This study investigates the feasibility and effectiveness of the Turkish adaptation of the MASK-air^® app in supporting remote SCIT monitoring. Specifically, it evaluates patient satisfaction, AR symptom control, and QoL improvements before and after mobile app use. Additionally, the usability and sustainability of the app are assessed to determine its potential integration into routine clinical practice.

Materials and Methods

Study design

The institutional review board of Celal Bayar University in Manisa (protocol 20.478.486) approved this study. Patients who underwent SCIT for AR in the Allergy and Immunology Outpatient Clinic of Balikesir University Faculty of Medicine between August and November 2019 were included.

Inclusion criteria for the study:

• Eighteen years of age or older

• Using a mobile phone compatible with either iOS or Android operating systems

• Not having additional chronic diseases

• Being literate or being accompanied by a literate individual to use the application throughout the study

• Having symptoms of AR classified according to ARIA and diagnosed with moderate to severe AR

• Having an allergen sensitivity of 3 (+) or higher in the skin prick test

• Willingness to participate in the study

Exclusion criteria for the study:

• Not having a smart phone with an operating system capable of regularly using the Mask-air^® application

• Having additional comorbid diseases or additional allergic conditions

• Discontinuing treatment or follow-up for any reason

• Having an acute or chronic infection

• Forced Expiratory Volume (FEV1) below 70% on pulmonary function test (PFT)

Population

Patients diagnosed with AR at the Allergy Polyclinic, Department of Internal Medicine, Manisa Celal Bayar University, were recruited as study participants. Detailed medical histories were taken from all patients, consent forms confirming their willingness to participate were signed, and demographic characteristics were recorded. A comprehensive history was obtained. An examination of the head, neck, and respiratory system was conducted, confirming nasal and ocular symptoms. A chest X-ray and PFT were performed to rule out the presence of asthma. All patients underwent skin prick tests conducted by an allergy immunology specialist physician and a specialist nurse.

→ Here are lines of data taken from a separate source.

(* Let $H$ be a Hermitian operator on a $d$-dimensional Hilbert space with spectral decomposition $H=\sum_{i=1}^M\lambda_i\Pi_i$, where $M\ge 2$, $\lambda_M>\cdots>\lambda_1$ are the distinct eigenvalues and $\Pi_i$ the spectral projections. Let $\Delta=\lambda_2-\lambda_1$, $d_G=\operatorname{Tr}[\Pi_1]$, and $\varepsilon\in(0,1)$. If $$\beta=\frac{1}{\Delta}\ln\!\left[\left(\frac{1-\varepsilon}{\varepsilon}\right)\left(\frac{d-d_G}{d_G}\right)\right]$$ and $\beta\ge 0$, then $$\frac{1}{2}\left\|\frac{e^{-\beta H}}{\operatorname{Tr}[e^{-\beta H}]}-\frac{\Pi_1}{\operatorname{Tr}[\Pi_1]}\right\|_1\le\varepsilon.$$
   Context: $\|A\|_1=\operatorname{Tr}[\sqrt{A^\dagger A}]$ is the trace norm. *)

theory Defs
  imports "HOL-Analysis.Analysis"
begin

text \<open>Operators on a d-dimensional Hilbert space are complex matrices indexed by a
finite type 'n, with d = CARD('n).\<close>

definition adjoint :: "complex^'n^'n \<Rightarrow> complex^'n^'n" where
  "adjoint A = (\<chi> i j. cnj (A $ j $ i))"

definition hermitian :: "complex^'n^'n \<Rightarrow> bool" where
  "hermitian A \<longleftrightarrow> adjoint A = A"

definition psd :: "complex^'n^'n \<Rightarrow> bool" where
  "psd A \<longleftrightarrow> hermitian A \<and>
     (\<forall>v :: complex^'n. 0 \<le> Re (\<Sum>i\<in>UNIV. cnj (v $ i) * (A *v v) $ i))"

definition mat_sqrt :: "complex^'n^'n \<Rightarrow> complex^'n^'n" where
  "mat_sqrt A = (THE B. psd B \<and> B ** B = A)"

text \<open>Trace norm  ||A||_1 = Tr sqrt(A^dagger A)  (the trace is real; we take its real part).\<close>
definition trace_norm :: "complex^'n^'n \<Rightarrow> real" where
  "trace_norm A = Re (trace (mat_sqrt (adjoint A ** A)))"

primrec mat_pow :: "complex^'n^'n \<Rightarrow> nat \<Rightarrow> complex^'n^'n" where
  "mat_pow A 0 = mat 1"
| "mat_pow A (Suc k) = A ** mat_pow A k"

definition mat_exp :: "complex^'n^'n \<Rightarrow> complex^'n^'n" where
  "mat_exp A = (\<chi> i j. \<Sum>k. (mat_pow A k $ i $ j) / of_nat (fact k))"

definition mat_div :: "complex^'n^'n \<Rightarrow> complex \<Rightarrow> complex^'n^'n" where
  "mat_div A c = (\<chi> i j. A $ i $ j / c)"

end

theory Submission
  imports Defs
begin

text \<open>Every matrix in the statement is a function of H, i.e. a spectral sum
sum_i c_i Pi_i, and on spectral sums products, the exponential, the positive square root
and the trace act coefficientwise. With w_i = exp (- beta lambda_i) and d_i = Tr Pi_i, the
difference of the two normalised states therefore has coefficients c_1 < 0 <= c_i (i >= 2),
so its trace norm sum_i |c_i| d_i equals 2 X / (w_1 d_1 + X), where X = sum_{i >= 2} w_i d_i.
Since beta >= 0, X <= w_2 (d - d_G), and beta is chosen exactly so that
w_2 (d - d_G) = w_1 d_G epsilon / (1 - epsilon), which is equivalent to
X / (w_1 d_1 + X) <= epsilon.\<close>

lemma matrix_add_rdistrib: "((B::'a::semiring_1^'n^'m) + C) ** A = B ** A + C ** A"
  by (vector matrix_matrix_mult_def sum.distrib[symmetric] field_simps)

lemma sum_matrix_matrix_mult: "sum f S ** (B::'a::semiring_1^'n^'m) = (\<Sum>i\<in>S. f i ** B)"
  by (induction S rule: infinite_finite_induct) (auto simp: matrix_add_rdistrib)

lemma matrix_matrix_mult_sum: "(B::'a::semiring_1^'n^'m) ** sum f S = (\<Sum>i\<in>S. B ** f i)"
  by (induction S rule: infinite_finite_induct) (auto simp: matrix_add_ldistrib)

lemma sum_matrix_vector_mult: "sum f S *v (x::'a::semiring_1^'n) = (\<Sum>i\<in>S. f i *v x)"
  by (induction S rule: infinite_finite_induct) (auto simp: matrix_vector_mult_add_rdistrib)

lemma matrix_vector_mult_scaleR_left: "(r *\<^sub>R (A::'a::real_algebra_1^'n^'m)) *v x = r *\<^sub>R (A *v x)"
  by (simp add: vec_eq_iff matrix_vector_mult_def scaleR_sum_right)

lemma matrix_vector_mult_scaleR_right: "(A::'a::real_algebra_1^'n^'m) *v (r *\<^sub>R x) = r *\<^sub>R (A *v x)"
  by (simp add: vec_eq_iff matrix_vector_mult_def scaleR_sum_right algebra_simps)

lemma adjoint_scaleR: "adjoint (r *\<^sub>R A) = r *\<^sub>R adjoint A"
  by (simp add: adjoint_def vec_eq_iff)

All participants were trained by the same resident physician in the outpatient clinic. The application was installed free of charge on the patients’ phones, and they were instructed on how to enter data into MASK-air^®. On the same day, each patient completed their initial personal assessment of AR symptoms. The same physician answered patients’ questions during their first use of the application.

MASK-air^® collects information on patients’ baseline characteristics, usual rhinitis symptoms, and disease type (intermittent/persistent). In addition, MASK-air^® includes a daily monitoring questionnaire that evaluates how symptoms affect users’ daily lives and the types of treatments used. When participants presented for their monthly SCIT dose, the data they had entered over the past month were reviewed via the QR (Quick Response) code in the application. Face-to-face consultations were continued to ensure regular use of the application.

Skin prick test

The skin prick test applied to the patients in this study included 14 types of allergens, including dust mites (Dermatophagoides farinae, Dermatophagoides pteronyssinus), molds (Alternaria, Aspergillus), cat fur, grasses, tree pollen (olive), weeds (wormwood, stick weed, nerve weed), and latex.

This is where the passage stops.